In the above calculations, `a`, `b` and `c` are scalars and I've demonstrated using the multiplication and addition operations. However, that can be changed to encorporate any other operation. For instance, to make things a little more interesting, I'm replacing addition with multiplication as well. Parallelising this is just a matter of running the loop interations over multiple threads in parallel. As each thread will write to a unique location, there are no race conditions! 

In [26]:
# Stencil Computation
function stencil(a,b,c) 
    return 2*a * 3*b * 4*c
end

# Parallel Stencil Computation over an array
function parallel_stencil(arr_in, vals_out, grads_out)
    Threads.@threads for i=2:size(arr_in)[1]-1
        output = stencil(MultiDual(arr_in[i-1], SVector(1.,0.,0.)), MultiDual(arr_in[i], SVector(0.,1.,0.)), MultiDual(arr_in[i+1], SVector(0.,0.,1.)))
        vals_out[i-1] = output.val
        grads_out[i-1,:] = output.grads
    end

    return vals_out, grads_out
end

parallel_stencil (generic function with 2 methods)

In [36]:
# Number of available threads
println("Number of Threads: ", Base.Threads.nthreads())

# Computation
arr_in = rand(100000,1)
vals_out = zeros(size(arr_in)[1]-2,1)
grads_out = zeros(size(arr_in)[1]-2,3)

vals_out, grads_out = parallel_stencil(arr_in, vals_out, grads_out) 
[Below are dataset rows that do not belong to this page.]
text \<open>If both \<open>A a\<close> and \<open>A (insert N a)\<close> held together with \<open>B (insert N b)\<close> for a disjoint pair,
  the pair \<open>(insert N a, insert N b)\<close> would meet in exactly one element; so each pair counted in
  \<open>N + 1\<close> dimensions is counted by one of two unique-intersection-free rectangles in \<open>N\<close>
  dimensions.\<close>
lemma disjoint_pairs_le_if_unique_intersection_free:
  "unique_intersection_free N A B \<Longrightarrow> disjoint_pairs N A B \<le> 2 ^ N"
proof (induction N arbitrary: A B)
  case 0
  then show ?case by (simp add: disjoint_pairs_def)
next
  case (Suc N)
  let ?A' = "\<lambda>a. A a \<or> A (insert N a)"
  let ?B' = "\<lambda>b. B b \<or> B (insert N b)"
  have "unique_intersection_free N ?A' B"
    unfolding unique_intersection_free_def
  proof (intro ballI impI)
    fix a b assume ab: "a \<in> Pow {..<N}" "b \<in> Pow {..<N}" "?A' a \<and> B b"
    then have "a \<in> Pow {..<Suc N}" "insert N a \<in> Pow {..<Suc N}" "b \<in> Pow {..<Suc N}"
      "insert N a \<inter> b = a \<inter> b" by auto
    with ab(3) Suc.prems show "card (a \<inter> b) \<noteq> 1"
      unfolding unique_intersection_free_def by metis
  qed
  moreover have "unique_intersection_free N A ?B'"
    unfolding unique_intersection_free_def
  proof (intro ballI impI)
    fix a b assume ab: "a \<in> Pow {..<N}" "b \<in> Pow {..<N}" "A a \<and> ?B' b"
    then have "a \<in> Pow {..<Suc N}" "b \<in> Pow {..<Suc N}" "insert N b \<in> Pow {..<Suc N}"
      "a \<inter> insert N b = a \<inter> b" by auto
    with ab(3) Suc.prems show "card (a \<inter> b) \<noteq> 1"
      unfolding unique_intersection_free_def by metis
  qed
  ultimately have IH: "disjoint_pairs N ?A' B + disjoint_pairs N A ?B' \<le> 2 ^ N + 2 ^ N"
    using Suc.IH by (meson add_le_mono)
  have "disjoint_pairs (Suc N) A B \<le> (\<Sum>a\<in>Pow {..<N}. \<Sum>b\<in>Pow {..<N}.
      (if ?A' a \<and> B b \<and> a \<inter> b = {} then 1 else 0) + (if A a \<and> ?B' b \<and> a \<inter> b = {} then 1 else 0))"
    unfolding disjoint_pairs_Suc
  proof (intro sum_mono)
    fix a b assume ab: "a \<in> Pow {..<N}" "b \<in> Pow {..<N}"
    have "insert N a \<in> Pow {..<Suc N}" "insert N b \<in> Pow {..<Suc N}" using ab by auto
    moreover have "card (insert N a \<inter> insert N b) = 1" if "a \<inter> b = {}" using that by auto
    ultimately have "\<not> (A (insert N a) \<and> B (insert N b) \<and> a \<inter> b = {})"
      using Suc.prems unfolding unique_intersection_free_def by blast
    then show "(if A a \<and> B b \<and> a \<inter> b = {} then 1 else 0) +
        (if A (insert N a) \<and> B b \<and> a \<inter> b = {} then 1 else 0) +
        (if A a \<and> B (insert N b) \<and> a \<inter> b = {} then 1 else 0)
      \<le> (if ?A' a \<and> B b \<and> a \<inter> b = {} then 1 else 0) +
        (if A a \<and> ?B' b \<and> a \<inter> b = {} then 1 else (0::nat))"
      by auto
  qed
  also have "\<dots> = disjoint_pairs N ?A' B + disjoint_pairs N A ?B'"
    unfolding disjoint_pairs_def sum.distrib ..
  finally show ?case using IH by simp
qed

section \<open>Hypermetric inequalities\<close>

text \<open>Coefficients of a hypermetric inequality on the vertices \<open>0, \<dots>, N + 1\<close>: integers summing
  to \<open>1\<close>, so that \<open>\<Sum>\<^sub>i\<^sub><\<^sub>j b\<^sub>i b\<^sub>j x\<^sub>i\<^sub>j \<le> 0\<close> holds for every cut vector \<open>x\<close>.\<close>
definition hyp_coeff :: "nat \<Rightarrow> nat set \<Rightarrow> nat \<Rightarrow> int" where
  "hyp_coeff N b i =
    (if i \<in> b then 1 else if i = N then 2 - int (card b) else if i = Suc N then -1 else 0)"

definition hyp_weight :: "nat \<Rightarrow> nat set \<Rightarrow> nat \<times> nat \<Rightarrow> real" where
  "hyp_weight N b e = of_int (hyp_coeff N b (fst e)) * of_int (hyp_coeff N b (snd e))"

lemma sum_hyp_coeff_subset:
  assumes "a \<subseteq> {..<N}" "b \<subseteq> {..<N}"
  shows "(\<Sum>i\<in>a. hyp_coeff N b i) = int (card (a \<inter> b))"
proof -
  have "finite a" using assms(1) finite_subset by blast
  moreover have "(\<Sum>i\<in>a. hyp_coeff N b i) = (\<Sum>i\<in>a. of_bool (i \<in> b))"
    using assms by (intro sum.cong) (auto simp: hyp_coeff_def)
  ultimately show ?thesis by (simp add: Int_def)
qed

lemma sum_hyp_coeff:
  assumes "b \<subseteq> {..<N}"
  shows "(\<Sum>i<Suc (Suc N). hyp_coeff N b i) = 1"
  using sum_hyp_coeff_subset[OF order_refl assms] assms
  by (auto simp: hyp_coeff_def Int_absorb1)

lemma sum_hyp_coeff_insert:
  assumes "a \<subseteq> {..<N}" "b \<subseteq> {..<N}"
  shows "(\<Sum>i\<in>{..<Suc (Suc N)} \<inter> insert (Suc N) a. hyp_coeff N b i) = int (card (a \<inter> b)) - 1"
proof -
  have "{..<Suc (Suc N)} \<inter> insert (Suc N) a = insert (Suc N) a" "Suc N \<notin> a" "Suc N \<notin> b"
    using assms by auto
  moreover have "finite a" using assms(1) finite_subset by blast
  ultimately show ?thesis using sum_hyp_coeff_subset[OF assms] by (simp add: hyp_coeff_def)
qed

lemma hyp_weight_cut_vec:
  fixes X :: "nat set"
  assumes "b \<subseteq> {..<N}"
  defines "t \<equiv> (\<Sum>i\<in>{..<Suc (Suc N)} \<inter> X. hyp_coeff N b i)"
  shows "(\<Sum>e\<in>edges_K (Suc (Suc N)). hyp_weight N b e * cut_vec (Suc (Suc N)) X e)
       = of_int (t * (1 - t))"
proof -
  have complement: "(\<Sum>i\<in>{..<Suc (Suc N)} - X. hyp_coeff N b i) = 1 - t"
    using sum.Int_Diff[of "{..<Suc (Suc N)}" "hyp_coeff N b" X] sum_hyp_coeff[OF assms(1)]
    unfolding t_def by simp
  have "(\<Sum>e\<in>edges_K (Suc (Suc N)). hyp_weight N b e * cut_vec (Suc (Suc N)) X e)
      = of_int (\<Sum>i\<in>{..<Suc (Suc N)} \<inter> X. hyp_coeff N b i)
        * of_int (\<Sum>i\<in>{..<Suc (Suc N)} - X. hyp_coeff N b i)"
    using sum_edges_K_cut_vec[of "\<lambda>i. of_int (hyp_coeff N b i)" "Suc (Suc N)" X]
    unfolding hyp_weight_def by simp
  then show ?thesis unfolding complement t_def by simp
qed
println("Parallel Evaluation Time")
@btime _, _ = parallel_stencil(arr_in); 

Number of Threads: 16
Parallel Evaluation Time


  75.110 μs (98 allocations: 3.06 MiB)


Just to ensure that we are actually getting a speedup, let's look at the sequential stencil computation for a very large array size.

In [37]:
# Sequential Stencil Computation over an array
function sequential_stencil(arr_in, vals_out, grads_out)
    for i=2:size(arr_in)[1]-1
        output = stencil(MultiDual(arr_in[i-1], SVector(1.,0.,0.)), MultiDual(arr_in[i], SVector(0.,1.,0.)), MultiDual(arr_in[i+1], SVector(0.,0.,1.)))
        vals_out[i-1] = output.val
        grads_out[i-1,:] = output.grads
    end

    return vals_out, grads_out
end

sequential_stencil (generic function with 2 methods)

In [38]:
println("Sequential Evaluation Time")
@btime _, _ = sequential_stencil(arr_in, vals_out, grads_out); 

Sequential Evaluation Time


  283.019 μs (1 allocation: 32 bytes)


We can perform several modifications to this stencil computation but in essence, the runtimes differences will be very similar. From this, we can see that the big speedup can only be achieved if the computations can be inherently parallelised. Parallel Gradient Computation does not impact run times that much as the variables can't be horribly large. Hence it's wise to not call threads and just utilise the vector processes to parallelise the gradient computation and only use threads to distribute the computations in the graph across multiple threads.